Type every record exactly as it appears.
#### Record extracts
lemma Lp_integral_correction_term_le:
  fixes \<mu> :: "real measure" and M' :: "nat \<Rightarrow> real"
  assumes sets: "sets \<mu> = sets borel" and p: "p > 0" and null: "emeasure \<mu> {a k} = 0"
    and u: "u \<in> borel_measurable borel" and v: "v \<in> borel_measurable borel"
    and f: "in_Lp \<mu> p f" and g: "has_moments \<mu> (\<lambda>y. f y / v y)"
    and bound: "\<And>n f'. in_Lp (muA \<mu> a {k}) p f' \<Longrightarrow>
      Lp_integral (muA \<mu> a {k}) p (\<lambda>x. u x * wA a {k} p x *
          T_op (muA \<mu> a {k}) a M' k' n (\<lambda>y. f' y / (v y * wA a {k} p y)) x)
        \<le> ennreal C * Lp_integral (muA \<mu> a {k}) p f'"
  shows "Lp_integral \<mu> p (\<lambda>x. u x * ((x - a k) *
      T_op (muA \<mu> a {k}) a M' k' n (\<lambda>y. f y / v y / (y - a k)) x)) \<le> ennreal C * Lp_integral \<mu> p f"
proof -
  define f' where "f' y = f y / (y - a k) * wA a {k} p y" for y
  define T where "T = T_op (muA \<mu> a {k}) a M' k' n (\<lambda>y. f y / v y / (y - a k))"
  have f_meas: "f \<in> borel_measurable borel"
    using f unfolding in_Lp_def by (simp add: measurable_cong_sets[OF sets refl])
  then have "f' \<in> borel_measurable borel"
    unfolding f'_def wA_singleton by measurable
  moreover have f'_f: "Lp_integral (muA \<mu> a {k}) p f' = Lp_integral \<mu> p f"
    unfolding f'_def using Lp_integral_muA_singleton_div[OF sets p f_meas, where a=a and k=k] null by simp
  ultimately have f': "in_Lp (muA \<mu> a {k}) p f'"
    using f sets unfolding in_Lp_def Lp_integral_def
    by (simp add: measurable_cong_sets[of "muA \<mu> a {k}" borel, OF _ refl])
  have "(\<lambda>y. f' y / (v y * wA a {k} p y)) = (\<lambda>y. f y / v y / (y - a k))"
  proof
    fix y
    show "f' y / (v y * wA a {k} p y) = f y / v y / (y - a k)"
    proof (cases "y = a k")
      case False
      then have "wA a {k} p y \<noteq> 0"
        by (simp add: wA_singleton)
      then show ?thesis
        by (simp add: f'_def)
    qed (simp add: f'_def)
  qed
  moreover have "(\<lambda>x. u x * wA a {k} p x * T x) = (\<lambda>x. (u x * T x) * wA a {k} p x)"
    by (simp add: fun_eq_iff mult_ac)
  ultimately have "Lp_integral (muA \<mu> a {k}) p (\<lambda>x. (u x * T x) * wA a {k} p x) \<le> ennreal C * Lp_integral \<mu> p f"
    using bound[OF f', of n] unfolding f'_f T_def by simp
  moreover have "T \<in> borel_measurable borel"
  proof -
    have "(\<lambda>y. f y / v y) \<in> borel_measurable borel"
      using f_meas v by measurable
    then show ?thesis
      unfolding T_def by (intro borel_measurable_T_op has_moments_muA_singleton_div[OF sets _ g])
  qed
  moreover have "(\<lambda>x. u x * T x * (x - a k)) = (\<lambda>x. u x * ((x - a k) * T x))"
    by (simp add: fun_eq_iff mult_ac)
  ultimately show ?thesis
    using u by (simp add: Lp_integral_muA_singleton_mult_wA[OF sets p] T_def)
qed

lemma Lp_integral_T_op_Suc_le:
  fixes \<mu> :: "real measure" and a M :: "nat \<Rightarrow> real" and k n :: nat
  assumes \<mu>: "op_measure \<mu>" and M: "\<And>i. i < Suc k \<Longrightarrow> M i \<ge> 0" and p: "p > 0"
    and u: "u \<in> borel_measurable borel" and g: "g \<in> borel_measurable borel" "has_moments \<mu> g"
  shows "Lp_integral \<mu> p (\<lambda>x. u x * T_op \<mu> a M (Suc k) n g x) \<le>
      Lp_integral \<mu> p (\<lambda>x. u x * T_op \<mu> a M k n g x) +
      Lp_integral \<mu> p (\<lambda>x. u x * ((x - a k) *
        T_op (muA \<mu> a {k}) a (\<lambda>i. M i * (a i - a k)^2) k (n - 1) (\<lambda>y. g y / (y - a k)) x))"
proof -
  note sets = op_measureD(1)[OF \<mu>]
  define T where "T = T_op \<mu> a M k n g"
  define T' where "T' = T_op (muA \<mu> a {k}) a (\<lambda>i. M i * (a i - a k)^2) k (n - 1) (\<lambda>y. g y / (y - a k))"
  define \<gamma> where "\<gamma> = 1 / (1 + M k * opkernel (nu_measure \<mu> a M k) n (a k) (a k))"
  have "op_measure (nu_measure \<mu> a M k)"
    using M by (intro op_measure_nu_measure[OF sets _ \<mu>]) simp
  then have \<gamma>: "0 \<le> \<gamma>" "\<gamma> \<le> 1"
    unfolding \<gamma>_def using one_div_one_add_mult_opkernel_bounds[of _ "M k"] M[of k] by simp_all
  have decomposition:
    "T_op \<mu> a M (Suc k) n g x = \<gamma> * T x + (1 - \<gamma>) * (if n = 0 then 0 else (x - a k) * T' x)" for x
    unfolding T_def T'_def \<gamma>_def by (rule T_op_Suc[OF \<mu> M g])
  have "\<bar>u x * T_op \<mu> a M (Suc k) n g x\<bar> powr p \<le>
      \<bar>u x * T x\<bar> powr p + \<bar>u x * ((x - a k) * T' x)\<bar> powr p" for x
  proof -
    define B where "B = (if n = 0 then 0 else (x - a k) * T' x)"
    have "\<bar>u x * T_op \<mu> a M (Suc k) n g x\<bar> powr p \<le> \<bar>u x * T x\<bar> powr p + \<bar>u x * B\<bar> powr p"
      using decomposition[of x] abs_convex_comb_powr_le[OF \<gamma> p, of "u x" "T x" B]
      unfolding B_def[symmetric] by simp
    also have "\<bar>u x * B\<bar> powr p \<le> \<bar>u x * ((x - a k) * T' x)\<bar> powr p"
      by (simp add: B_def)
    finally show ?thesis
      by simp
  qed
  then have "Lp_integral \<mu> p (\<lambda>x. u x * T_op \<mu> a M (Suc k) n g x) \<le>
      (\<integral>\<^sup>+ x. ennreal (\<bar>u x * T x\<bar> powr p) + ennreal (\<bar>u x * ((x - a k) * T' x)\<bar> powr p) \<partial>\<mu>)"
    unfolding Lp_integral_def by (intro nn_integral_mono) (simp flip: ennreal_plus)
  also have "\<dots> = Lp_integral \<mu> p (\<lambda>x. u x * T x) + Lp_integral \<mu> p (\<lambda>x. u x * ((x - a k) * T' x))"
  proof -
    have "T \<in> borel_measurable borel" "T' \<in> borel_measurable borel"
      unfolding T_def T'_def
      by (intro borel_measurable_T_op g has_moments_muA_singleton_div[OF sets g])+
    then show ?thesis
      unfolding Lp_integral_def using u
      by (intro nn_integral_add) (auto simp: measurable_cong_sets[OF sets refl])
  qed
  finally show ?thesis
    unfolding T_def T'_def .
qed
########
| Result below |
lemma Lp_integral_correction_term_le:
  fixes \<mu> :: "real measure" and M' :: "nat \<Rightarrow> real"
  assumes sets: "sets \<mu> = sets borel" and p: "p > 0" and null: "emeasure \<mu> {a k} = 0"
    and u: "u \<in> borel_measurable borel" and v: "v \<in> borel_measurable borel"
    and f: "in_Lp \<mu> p f" and g: "has_moments \<mu> (\<lambda>y. f y / v y)"
    and bound: "\<And>n f'. in_Lp (muA \<mu> a {k}) p f' \<Longrightarrow>
      Lp_integral (muA \<mu> a {k}) p (\<lambda>x. u x * wA a {k} p x *
          T_op (muA \<mu> a {k}) a M' k' n (\<lambda>y. f' y / (v y * wA a {k} p y)) x)
        \<le> ennreal C * Lp_integral (muA \<mu> a {k}) p f'"
  shows "Lp_integral \<mu> p (\<lambda>x. u x * ((x - a k) *
      T_op (muA \<mu> a {k}) a M' k' n (\<lambda>y. f y / v y / (y - a k)) x)) \<le> ennreal C * Lp_integral \<mu> p f"
proof -
  define f' where "f' y = f y / (y - a k) * wA a {k} p y" for y
  define T where "T = T_op (muA \<mu> a {k}) a M' k' n (\<lambda>y. f y / v y / (y - a k))"
  have f_meas: "f \<in> borel_measurable borel"
    using f unfolding in_Lp_def by (simp add: measurable_cong_sets[OF sets refl])
  then have "f' \<in> borel_measurable borel"
    unfolding f'_def wA_singleton by measurable
  moreover have f'_f: "Lp_integral (muA \<mu> a {k}) p f' = Lp_integral \<mu> p f"
    unfolding f'_def using Lp_integral_muA_singleton_div[OF sets p f_meas, where a=a and k=k] null by simp
  ultimately have f': "in_Lp (muA \<mu> a {k}) p f'"
    using f sets unfolding in_Lp_def Lp_integral_def
    by (simp add: measurable_cong_sets[of "muA \<mu> a {k}" borel, OF _ refl])
  have "(\<lambda>y. f' y / (v y * wA a {k} p y)) = (\<lambda>y. f y / v y / (y - a k))"
  proof
    fix y
    show "f' y / (v y * wA a {k} p y) = f y / v y / (y - a k)"
    proof (cases "y = a k")
      case False
      then have "wA a {k} p y \<noteq> 0"
        by (simp add: wA_singleton)
      then show ?thesis
        by (simp add: f'_def)
    qed (simp add: f'_def)
  qed
  moreover have "(\<lambda>x. u x * wA a {k} p x * T x) = (\<lambda>x. (u x * T x) * wA a {k} p x)"
    by (simp add: fun_eq_iff mult_ac)
  ultimately have "Lp_integral (muA \<mu> a {k}) p (\<lambda>x. (u x * T x) * wA a {k} p x) \<le> ennreal C * Lp_integral \<mu> p f"
    using bound[OF f', of n] unfolding f'_f T_def by simp
  moreover have "T \<in> borel_measurable borel"
  proof -
    have "(\<lambda>y. f y / v y) \<in> borel_measurable borel"
      using f_meas v by measurable
    then show ?thesis
      unfolding T_def by (intro borel_measurable_T_op has_moments_muA_singleton_div[OF sets _ g])
  qed
  moreover have "(\<lambda>x. u x * T x * (x - a k)) = (\<lambda>x. u x * ((x - a k) * T x))"
    by (simp add: fun_eq_iff mult_ac)
  ultimately show ?thesis
    using u by (simp add: Lp_integral_muA_singleton_mult_wA[OF sets p] T_def)
qed

lemma Lp_integral_T_op_Suc_le:
  fixes \<mu> :: "real measure" and a M :: "nat \<Rightarrow> real" and k n :: nat
  assumes \<mu>: "op_measure \<mu>" and M: "\<And>i. i < Suc k \<Longrightarrow> M i \<ge> 0" and p: "p > 0"
    and u: "u \<in> borel_measurable borel" and g: "g \<in> borel_measurable borel" "has_moments \<mu> g"
  shows "Lp_integral \<mu> p (\<lambda>x. u x * T_op \<mu> a M (Suc k) n g x) \<le>
      Lp_integral \<mu> p (\<lambda>x. u x * T_op \<mu> a M k n g x) +
      Lp_integral \<mu> p (\<lambda>x. u x * ((x - a k) *
        T_op (muA \<mu> a {k}) a (\<lambda>i. M i * (a i - a k)^2) k (n - 1) (\<lambda>y. g y / (y - a k)) x))"
proof -
  note sets = op_measureD(1)[OF \<mu>]
  define T where "T = T_op \<mu> a M k n g"
  define T' where "T' = T_op (muA \<mu> a {k}) a (\<lambda>i. M i * (a i - a k)^2) k (n - 1) (\<lambda>y. g y / (y - a k))"
  define \<gamma> where "\<gamma> = 1 / (1 + M k * opkernel (nu_measure \<mu> a M k) n (a k) (a k))"
  have "op_measure (nu_measure \<mu> a M k)"
    using M by (intro op_measure_nu_measure[OF sets _ \<mu>]) simp
  then have \<gamma>: "0 \<le> \<gamma>" "\<gamma> \<le> 1"
    unfolding \<gamma>_def using one_div_one_add_mult_opkernel_bounds[of _ "M k"] M[of k] by simp_all
  have decomposition:
    "T_op \<mu> a M (Suc k) n g x = \<gamma> * T x + (1 - \<gamma>) * (if n = 0 then 0 else (x - a k) * T' x)" for x
    unfolding T_def T'_def \<gamma>_def by (rule T_op_Suc[OF \<mu> M g])
  have "\<bar>u x * T_op \<mu> a M (Suc k) n g x\<bar> powr p \<le>
      \<bar>u x * T x\<bar> powr p + \<bar>u x * ((x - a k) * T' x)\<bar> powr p" for x
  proof -
    define B where "B = (if n = 0 then 0 else (x - a k) * T' x)"
    have "\<bar>u x * T_op \<mu> a M (Suc k) n g x\<bar> powr p \<le> \<bar>u x * T x\<bar> powr p + \<bar>u x * B\<bar> powr p"
      using decomposition[of x] abs_convex_comb_powr_le[OF \<gamma> p, of "u x" "T x" B]
      unfolding B_def[symmetric] by simp
    also have "\<bar>u x * B\<bar> powr p \<le> \<bar>u x * ((x - a k) * T' x)\<bar> powr p"
      by (simp add: B_def)
    finally show ?thesis
      by simp
  qed
  then have "Lp_integral \<mu> p (\<lambda>x. u x * T_op \<mu> a M (Suc k) n g x) \<le>
      (\<integral>\<^sup>+ x. ennreal (\<bar>u x * T x\<bar> powr p) + ennreal (\<bar>u x * ((x - a k) * T' x)\<bar> powr p) \<partial>\<mu>)"
    unfolding Lp_integral_def by (intro nn_integral_mono) (simp flip: ennreal_plus)
  also have "\<dots> = Lp_integral \<mu> p (\<lambda>x. u x * T x) + Lp_integral \<mu> p (\<lambda>x. u x * ((x - a k) * T' x))"
  proof -
    have "T \<in> borel_measurable borel" "T' \<in> borel_measurable borel"
      unfolding T_def T'_def
      by (intro borel_measurable_T_op g has_moments_muA_singleton_div[OF sets g])+
    then show ?thesis
      unfolding Lp_integral_def using u
      by (intro nn_integral_add) (auto simp: measurable_cong_sets[OF sets refl])
  qed
  finally show ?thesis
    unfolding T_def T'_def .
qed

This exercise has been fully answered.